American physician and immunologist (1911-1990)

Dorland Jones Davis (July 2, 1911 – April 11, 1990) was an American physician, commissioned officer in the U.S. Public Health Service (PHS). He was the director of the National Institute of Allergy and Infectious Diseases from 1964 to 1975.

== Early life and education ==
Davis was born in Chicago, Illinois, on July 2, 1911. His father was a professor of pathology at the University of Illinois school of medicine. Davis attended the International School, Geneva, Switzerland, 1927–1928. He received a B.S. degree from the University of Illinois in 1933, an M.D. degree from the Johns Hopkins University in 1937, and a DrPH. degree from Johns Hopkins in 1940.

==Career==
Davis completed his medical internship at the Baltimore City Hospital before enrolling in the Johns Hopkins School of Public Health for his DrPH (Doctor of Public Health) doctorate.
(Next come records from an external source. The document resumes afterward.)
text \<open>The preimage of a submodule K of M'/N under the projection is the union
  of the cosets in K.\<close>

lemma submodule_Union_quotient_module:
  assumes lm: "left_module R M" and N: "submodule N R M" and M': "M' \<subseteq> carrier M"
    and K: "submodule K R (quotient_module R M M' N)"
  shows "submodule (\<Union>K) R M"
proof -
  interpret M: abelian_group M using left_module_abelian_group[OF lm] .
  note K_closed = submoduleD[OF K, unfolded quotient_module_simps]
  have Union_carrier: "\<Union>K \<subseteq> carrier M"
  proof
    fix x assume "x \<in> \<Union>K"
    then obtain a where "a \<in> M'" "x \<in> N +>\<^bsub>M\<^esub> a"
      using K_closed(1) by blast
    then show "x \<in> carrier M"
      using M' submoduleD(1)[OF N] unfolding a_r_coset_def' by (auto intro!: M.add.m_closed)
  qed
  show ?thesis
  proof (rule left_module_submoduleI[OF lm Union_carrier])
    show "\<zero>\<^bsub>M\<^esub> \<in> \<Union>K"
      using K_closed(2) submoduleD(2)[OF N] by blast
    show "x \<oplus>\<^bsub>M\<^esub> y \<in> \<Union>K" if xy: "x \<in> \<Union>K" "y \<in> \<Union>K" for x y
    proof -
      obtain A B where "A \<in> K" "x \<in> A" "B \<in> K" "y \<in> B"
        using xy by blast
      then have "A <+>\<^bsub>M\<^esub> B \<in> K" "x \<oplus>\<^bsub>M\<^esub> y \<in> A <+>\<^bsub>M\<^esub> B"
        using K_closed(3) unfolding set_add_def' by auto
      then show ?thesis by blast
    qed
    show "a \<odot>\<^bsub>M\<^esub> x \<in> \<Union>K" if a: "a \<in> carrier R" and x: "x \<in> \<Union>K" for a x
    proof -
      obtain A where A: "A \<in> K" "x \<in> A"
        using x by blast
      have "a \<odot>\<^bsub>M\<^esub> x \<in> carrier M"
        using left_module_smult_closed[OF lm a] Union_carrier x by blast
      then have "\<zero>\<^bsub>M\<^esub> \<oplus>\<^bsub>M\<^esub> a \<odot>\<^bsub>M\<^esub> x \<in> N <+>\<^bsub>M\<^esub> ((\<lambda>x. a \<odot>\<^bsub>M\<^esub> x) ` A)"
        using submoduleD(2)[OF N] A(2) unfolding set_add_def' by blast
      moreover have "N <+>\<^bsub>M\<^esub> ((\<lambda>x. a \<odot>\<^bsub>M\<^esub> x) ` A) \<in> K"
        using K_closed(4) a A(1) by blast
      ultimately show ?thesis
        using \<open>a \<odot>\<^bsub>M\<^esub> x \<in> carrier M\<close> by auto
    qed
  qed
qed
(* Put c = \<delta>(I).  Polarizing the identity
     (m+n+l) \<delta>(A\<^sup>2) = m \<delta>(A)A + n A\<delta>(A) + l A c A
   at A and A + I gives the explicit formula
     (m+n+2l) \<delta>(A) = (m+l) cA + (n+l) Ac,
   and substituting this back into the identity at A shows, since (m+l)(n+l) \<noteq> 0,
     c A\<^sup>2 + A\<^sup>2 c = 2 A c A   for every A in the subalgebra.
   This relation forces c to commute with every idempotent of the subalgebra, and
   then with every matrix unit E of square zero for which E + (a diagonal unit) is
   again an idempotent in the subalgebra.  The canonical subalgebra is the closure of
   the spans of the matrix units it contains, so c commutes with all of it.  Then
   \<delta>(A) = cA = Ac, from which both claimed identities follow at once. *)

text \<open>Subtracting the identity at \<open>a\<close> from the identity at \<open>a + 1\<close> (here \<open>d = \<delta> a\<close>,
  \<open>da2 = \<delta> (a*a)\<close>, \<open>c = \<delta> 1\<close>) leaves an explicit formula for \<open>\<delta> a\<close>.\<close>

lemma polarized_identity:
  fixes c a d da2 :: "'a::real_algebra_1" and m n l :: real
  assumes at_a1: "(m+n+l) *\<^sub>R (da2 + 2 *\<^sub>R d + c)
      = m *\<^sub>R ((d + c)*(a+1)) + n *\<^sub>R ((a+1)*(d+c)) + l *\<^sub>R ((a+1)*c*(a+1))"
    and at_a: "(m+n+l) *\<^sub>R da2 = m *\<^sub>R (d*a) + n *\<^sub>R (a*d) + l *\<^sub>R (a*c*a)"
  shows "(m+n+2*l) *\<^sub>R d = (m+l) *\<^sub>R (c*a) + (n+l) *\<^sub>R (a*c)"
proof -
  have "(m+n+l) *\<^sub>R (da2 + 2 *\<^sub>R d + c) - (m+n+l) *\<^sub>R da2
      = m *\<^sub>R ((d + c)*(a+1)) + n *\<^sub>R ((a+1)*(d+c)) + l *\<^sub>R ((a+1)*c*(a+1))
        - (m *\<^sub>R (d*a) + n *\<^sub>R (a*d) + l *\<^sub>R (a*c*a))"
    using at_a1 at_a by simp
  then have "(m+n+l) *\<^sub>R (d + d) = (m + n) *\<^sub>R d + ((m+l) *\<^sub>R (c*a) + (n+l) *\<^sub>R (a*c))"
    by (simp add: algebra_simps scaleR_2)
  moreover have "(m+n+l) *\<^sub>R (d + d) = (m + n) *\<^sub>R d + (m+n+2*l) *\<^sub>R d"
    by (simp only: scaleR_add_right scaleR_add_left[symmetric]) (simp add: algebra_simps)
  ultimately show ?thesis by simp
qed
After taking the competitive exam to enter the Public Health Service (PHS), he was one of 20 applicants out of 120, to be offered a commission in the PHS. His first assignment was the Division of Infectious Diseases of the National Institute of Health (NIH), where he studied Chagas disease, an infection by the parasite trypanosome cruzi then prevalent in Central and South America. Davis developed an antigen-based diagnostic test for the disease. He became a commissioned officer in the U.S. Public Health Service (PHS) in 1939 and was assigned to the Division of Infectious Diseases, National Institute of Health. In 1943, he served State Department in North Africa as a member of a medical team investigating endemic diseases, particularly malaria and typhus. Davis advanced through grades of PHS to assistant surgical general.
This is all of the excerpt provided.